:: INFORMATION PROVIDED

lemma spread_ge_orthonormal_pair:
  fixes A :: "real^'n^'n"
  assumes sym: "transpose A = A"
    and uu: "u \<bullet> u = 1" and ww: "w \<bullet> w = 1" and uw: "u \<bullet> w = 0"
  shows "sqrt ((u \<bullet> (A *v u) - w \<bullet> (A *v w))\<^sup>2 + 4 * (u \<bullet> (A *v w))\<^sup>2)
    \<le> largest_eig A - least_eig A"
proof -
  define a where "a = u \<bullet> (A *v u) - w \<bullet> (A *v w)"
  define b where "b = 2 * (u \<bullet> (A *v w))"
  have wAu: "w \<bullet> (A *v u) = u \<bullet> (A *v w)"
    using symmetric_matrix_inner[OF sym, of u w] by (simp add: inner_commute)
  have rotated: "a * cos (2 * \<theta>) + b * sin (2 * \<theta>) \<le> largest_eig A - least_eig A" for \<theta>
  proof -
    define x where "x = cos \<theta> *\<^sub>R u + sin \<theta> *\<^sub>R w"
    define y where "y = (- sin \<theta>) *\<^sub>R u + cos \<theta> *\<^sub>R w"
    have "x \<bullet> x = 1" "y \<bullet> y = 1"
      using uu ww uw by (simp_all add: x_def y_def inner_add_left inner_add_right inner_diff_left
          inner_diff_right inner_commute flip: power2_eq_square distrib_left)
    then have "x \<bullet> (A *v x) - y \<bullet> (A *v y) \<le> largest_eig A - least_eig A"
      using rayleigh_le_largest_eig[OF sym, of x] least_eig_le_rayleigh[OF sym, of y] by simp
    moreover have "x \<bullet> (A *v x) - y \<bullet> (A *v y)
        = a * ((cos \<theta>)\<^sup>2 - (sin \<theta>)\<^sup>2) + b * (2 * sin \<theta> * cos \<theta>)"
      using wAu by (simp add: x_def y_def a_def b_def matrix_vector_right_distrib
          matrix_vector_mult_scaleR inner_add_left inner_add_right power2_eq_square algebra_simps)
    ultimately show ?thesis by (simp add: cos_double sin_double)
  qed
  define \<phi> where "\<phi> = Arg (Complex a b)"
  define L where "L = cmod (Complex a b)"
  have "Complex a b = rcis L \<phi>"
    unfolding L_def \<phi>_def by (rule rcis_cmod_Arg[symmetric])
  then have ab: "a = L * cos \<phi>" "b = L * sin \<phi>"
    by (simp_all add: complex_eq_iff)
  have "a * cos \<phi> + b * sin \<phi> = L"
    unfolding ab by (simp add: mult.assoc flip: distrib_left)
  also have "L = sqrt (a\<^sup>2 + b\<^sup>2)"
    by (simp add: L_def complex_norm)
  finally have "a * cos \<phi> + b * sin \<phi> = sqrt (a\<^sup>2 + b\<^sup>2)" .
  then have "sqrt (a\<^sup>2 + b\<^sup>2) \<le> largest_eig A - least_eig A"
    using rotated[of "\<phi> / 2"] by simp
  then show ?thesis by (simp add: a_def b_def power_mult_distrib)
qed

lemma inner_const_on_sets:
  "(\<chi> i. if i \<in> X then \<alpha> else 0) \<bullet> (\<chi> i. if i \<in> Y then \<beta> else (0::real))
     = \<alpha> * \<beta> * card (X \<inter> Y)"
  by (simp add: inner_vec_def if_distrib if_distribR sum.If_cases Int_commute)

lemma quadratic_form_const_on_sets:
  fixes A :: "real^'n^'n"
  shows "(\<chi> i. if i \<in> X then \<alpha> else 0) \<bullet> (A *v (\<chi> j. if j \<in> Y then \<beta> else 0))
     = \<alpha> * \<beta> * (\<Sum>i\<in>X. \<Sum>j\<in>Y. A$i$j)"
proof -
  have "(\<chi> i. if i \<in> X then \<alpha> else 0) \<bullet> (A *v (\<chi> j. if j \<in> Y then \<beta> else 0))
     = (\<Sum>i\<in>X. \<alpha> * (\<Sum>j\<in>Y. A$i$j * \<beta>))"
    by (simp add: inner_vec_def matrix_vector_mult_def if_distrib if_distribR sum.If_cases Int_commute)
  then show ?thesis
    by (simp add: sum_distrib_left sum_distrib_right mult_ac)
qed

lemma spread_ge_two_blocks:
  fixes A :: "real^'n^'n" and X :: "'n set"
  assumes sym: "transpose A = A" and "X \<noteq> {}" "X \<noteq> UNIV"
  defines "N \<equiv> real (card X)" and "M \<equiv> real (card (- X))"
    and "P \<equiv> \<Sum>i\<in>X. \<Sum>j\<in>X. A$i$j" and "Q \<equiv> \<Sum>i\<in>-X. \<Sum>j\<in>-X. A$i$j"
    and "T \<equiv> \<Sum>i\<in>X. \<Sum>j\<in>-X. A$i$j"
  shows "sqrt ((P / N - Q / M)\<^sup>2 + 4 * T\<^sup>2 / (N * M)) \<le> largest_eig A - least_eig A"
proof -
  have N: "N > 0" and M: "M > 0"
    using assms(2,3) by (auto simp: N_def M_def card_gt_0_iff)
  define u where "u = (\<chi> i. if i \<in> X then 1 / sqrt N else (0::real))"
  define w where "w = (\<chi> i. if i \<in> - X then 1 / sqrt M else (0::real))"
  have "u \<bullet> u = 1" "w \<bullet> w = 1" "u \<bullet> w = 0"
    unfolding u_def w_def inner_const_on_sets using N M by (simp_all add: N_def M_def card_gt_0_iff)
  then have "sqrt ((u \<bullet> (A *v u) - w \<bullet> (A *v w))\<^sup>2 + 4 * (u \<bullet> (A *v w))\<^sup>2)
      \<le> largest_eig A - least_eig A"
    by (rule spread_ge_orthonormal_pair[OF sym])
  moreover have "u \<bullet> (A *v u) = P / N" "w \<bullet> (A *v w) = Q / M" "(u \<bullet> (A *v w))\<^sup>2 = T\<^sup>2 / (N * M)"
    unfolding u_def w_def quadratic_form_const_on_sets P_def[symmetric] Q_def[symmetric] T_def[symmetric]
    using N M by (simp_all add: power_divide power_mult_distrib)
  ultimately show ?thesis by simp
qed

lemma sqrt_two_block_bound_eq:
  fixes N M P Q T :: real
  assumes "N > 0" "M > 0"
  shows "sqrt ((P / N - Q / M)\<^sup>2 + 4 * T\<^sup>2 / (N * M))
    = sqrt ((N * Q + M * P)\<^sup>2 + 4 * (T\<^sup>2 - P * Q) * N * M) / (N * M)"
proof -
  have "(P / N - Q / M)\<^sup>2 + 4 * T\<^sup>2 / (N * M)
      = ((N * Q + M * P)\<^sup>2 + 4 * (T\<^sup>2 - P * Q) * N * M) / (N * M)\<^sup>2"
    using assms by (simp add: field_simps power2_eq_square)
  then show ?thesis
    using assms by (simp add: real_sqrt_divide)
qed

lemma relpowp_symmetric:
  assumes "\<And>u v. E u v \<Longrightarrow> E v u" and "(E ^^ k) u v"
  shows "(E ^^ k) v u"
  using assms(2)
proof (induction k arbitrary: v)
  case 0
  then show ?case by simp
next
  case (Suc k)
  then obtain y where "(E ^^ k) u y" "E y v" by auto
  then show ?case using Suc.IH assms(1) by (meson relpowp_Suc_I2)
qed

lemma gdist_commute:
  assumes "simple_graph E"
  shows "gdist E u v = gdist E v u"
proof -
  have "(E ^^ k) u v \<longleftrightarrow> (E ^^ k) v u" for k
    using assms relpowp_symmetric[of E] unfolding simple_graph_def by metis
  then show ?thesis unfolding gdist_def by simp
qed

lemma gdist_self [simp]: "gdist E v v = 0"
  unfolding gdist_def by (simp add: Least_eq_0)

lemma gdist_adjacent:
  assumes "simple_graph E" "E v w"
  shows "gdist E v w = 1"
  unfolding gdist_def
proof (rule Least_equality)
  show "(E ^^ 1) v w" using assms by (simp add: relcompp_apply)
  fix k assume "(E ^^ k) v w"
  moreover have "v \<noteq> w" using assms by (auto simp: simple_graph_def)
  ultimately show "1 \<le> k" by (cases k) auto
qed

lemma gdist_common_neighbour:
  assumes "simple_graph E" "bipartite_graph E" "E v w" "E v w'" "w \<noteq> w'"
  shows "gdist E w w' = 2"
  unfolding gdist_def
proof (rule Least_equality)
  have "E w v" using assms by (simp add: simple_graph_def)
  then show "(E ^^ 2) w w'"
    using assms(4) by (auto simp: numeral_2_eq_2 relcompp_apply)
  fix k assume k: "(E ^^ k) w w'"
  obtain c :: "'a \<Rightarrow> bool" where "\<And>u v. E u v \<Longrightarrow> c u \<noteq> c v"
    using assms(2) unfolding bipartite_graph_def by blast
  then have "\<not> E w w'" using assms(3,4) by metis
  then show "2 \<le> k" using k assms(5)
    by (cases k; cases "k - 1") (auto simp: numeral_2_eq_2)
qed

lemma sum_gdist_neighbours:
  fixes E :: "'a::finite \<Rightarrow> 'a \<Rightarrow> bool"
  assumes "simple_graph E" "bipartite_graph E" "E v i"
  shows "(\<Sum>j\<in>{w. E v w}. real (gdist E i j)) = 2 * (real (gdeg E v) - 1)"
proof -
  let ?Nb = "{w. E v w}"
  have i: "i \<in> ?Nb" using assms(3) by simp
  have "(\<Sum>j\<in>?Nb. real (gdist E i j)) = (\<Sum>j\<in>?Nb - {i}. real (gdist E i j))"
    using i by (simp add: sum.remove)
  also have "\<dots> = (\<Sum>j\<in>?Nb - {i}. 2)"
    using gdist_common_neighbour[OF assms(1,2,3)] by (intro sum.cong) auto
  also have "\<dots> = 2 * (real (gdeg E v) - 1)"
  proof -
    have "card ?Nb \<ge> 1" using i by (auto simp: Suc_le_eq card_gt_0_iff)
    then show ?thesis using i by (simp add: gdeg_def of_nat_diff)
  qed
  finally show ?thesis .
qed

lemma sum_gdist_closed_neighbourhood:
  fixes E :: "'a::finite \<Rightarrow> 'a \<Rightarrow> bool" and v :: 'a
  assumes "simple_graph E" "bipartite_graph E"
  defines "X \<equiv> insert v {w. E v w}"
  shows "(\<Sum>i\<in>X. \<Sum>j\<in>X. real (gdist E i j)) = 2 * (real (gdeg E v))\<^sup>2"
proof -
  let ?Nb = "{w. E v w}" and ?d = "real (gdeg E v)"
  have v: "v \<notin> ?Nb" using assms(1) by (simp add: simple_graph_def)
  have row_v: "(\<Sum>j\<in>X. real (gdist E v j)) = ?d"
    using v gdist_adjacent[OF assms(1)] by (simp add: X_def gdeg_def)
  have row_nb: "(\<Sum>j\<in>X. real (gdist E i j)) = 2 * ?d - 1" if "i \<in> ?Nb" for i
    using that v gdist_adjacent[OF assms(1)] gdist_commute[OF assms(1), of i v]
      sum_gdist_neighbours[OF assms(1,2), of v i]
    by (simp add: X_def)
  have "(\<Sum>i\<in>X. \<Sum>j\<in>X. real (gdist E i j)) = ?d + (\<Sum>i\<in>?Nb. 2 * ?d - 1)"
    using v row_v row_nb by (simp add: X_def)
  also have "\<dots> = 2 * ?d\<^sup>2"
    by (simp add: gdeg_def power2_eq_square algebra_simps)
  finally show ?thesis .
qed

lemma sum_transmission_closed_neighbourhood:
  assumes "simple_graph E"
  shows "(\<Sum>i\<in>insert v {w. E v w}. transmission E i)
    = transmission E v + avg_nbr_trans E v * real (gdeg E v)"
proof -
  have "v \<notin> {w. E v w}" using assms by (simp add: simple_graph_def)
  moreover have "(\<Sum>w\<in>{w. E v w}. transmission E w) = avg_nbr_trans E v * real (gdeg E v)"
    by (cases "gdeg E v = 0") (auto simp: avg_nbr_trans_def gdeg_def)
  ultimately show ?thesis by simp
qed

lemma transpose_dist_matrix:
  assumes "simple_graph E"
  shows "transpose (dist_matrix E) = dist_matrix E"
  using gdist_commute[OF assms] by (simp add: transpose_def dist_matrix_def vec_eq_iff)

lemma sum_split_Compl:
  fixes f :: "'a::finite \<Rightarrow> 'b::comm_monoid_add"
  shows "sum f UNIV = sum f X + sum f (- X)"
  using sum.subset_diff[of X UNIV f] by (simp add: Compl_eq_Diff_UNIV add.commute)

lemma transmission_block_sums:
  fixes E :: "'a::finite \<Rightarrow> 'a \<Rightarrow> bool" and X :: "'a set"
  assumes "simple_graph E"
  defines "P \<equiv> \<Sum>i\<in>X. \<Sum>j\<in>X. real (gdist E i j)" and "Q \<equiv> \<Sum>i\<in>-X. \<Sum>j\<in>-X. real (gdist E i j)"
    and "T \<equiv> \<Sum>i\<in>X. \<Sum>j\<in>-X. real (gdist E i j)"
  shows "(\<Sum>i\<in>X. transmission E i) = P + T"
    and "(\<Sum>u\<in>UNIV. transmission E u) = P + 2 * T + Q"
proof -
  have row: "transmission E i = (\<Sum>j\<in>X. real (gdist E i j)) + (\<Sum>j\<in>-X. real (gdist E i j))" for i
    unfolding transmission_def by (rule sum_split_Compl)
  show X: "(\<Sum>i\<in>X. transmission E i) = P + T"
    unfolding row P_def T_def by (simp add: sum.distrib)
  have "(\<Sum>i\<in>-X. \<Sum>j\<in>X. real (gdist E i j)) = T"
    unfolding T_def by (subst sum.swap) (simp add: gdist_commute[OF assms(1)])
  then have "(\<Sum>i\<in>-X. transmission E i) = T + Q"
    unfolding row Q_def by (simp add: sum.distrib)
  then show "(\<Sum>u\<in>UNIV. transmission E u) = P + 2 * T + Q"
    using sum_split_Compl[of "transmission E" X] X by simp
qed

::::

Where in the entries above does the word "equiv" appear? Copy each line that has it.

* **ANSWER BELOW**
  defines "N \<equiv> real (card X)" and "M \<equiv> real (card (- X))"
    and "P \<equiv> \<Sum>i\<in>X. \<Sum>j\<in>X. A$i$j" and "Q \<equiv> \<Sum>i\<in>-X. \<Sum>j\<in>-X. A$i$j"
    and "T \<equiv> \<Sum>i\<in>X. \<Sum>j\<in>-X. A$i$j"
  defines "X \<equiv> insert v {w. E v w}"
  defines "P \<equiv> \<Sum>i\<in>X. \<Sum>j\<in>X. real (gdist E i j)" and "Q \<equiv> \<Sum>i\<in>-X. \<Sum>j\<in>-X. real (gdist E i j)"
    and "T \<equiv> \<Sum>i\<in>X. \<Sum>j\<in>-X. real (gdist E i j)"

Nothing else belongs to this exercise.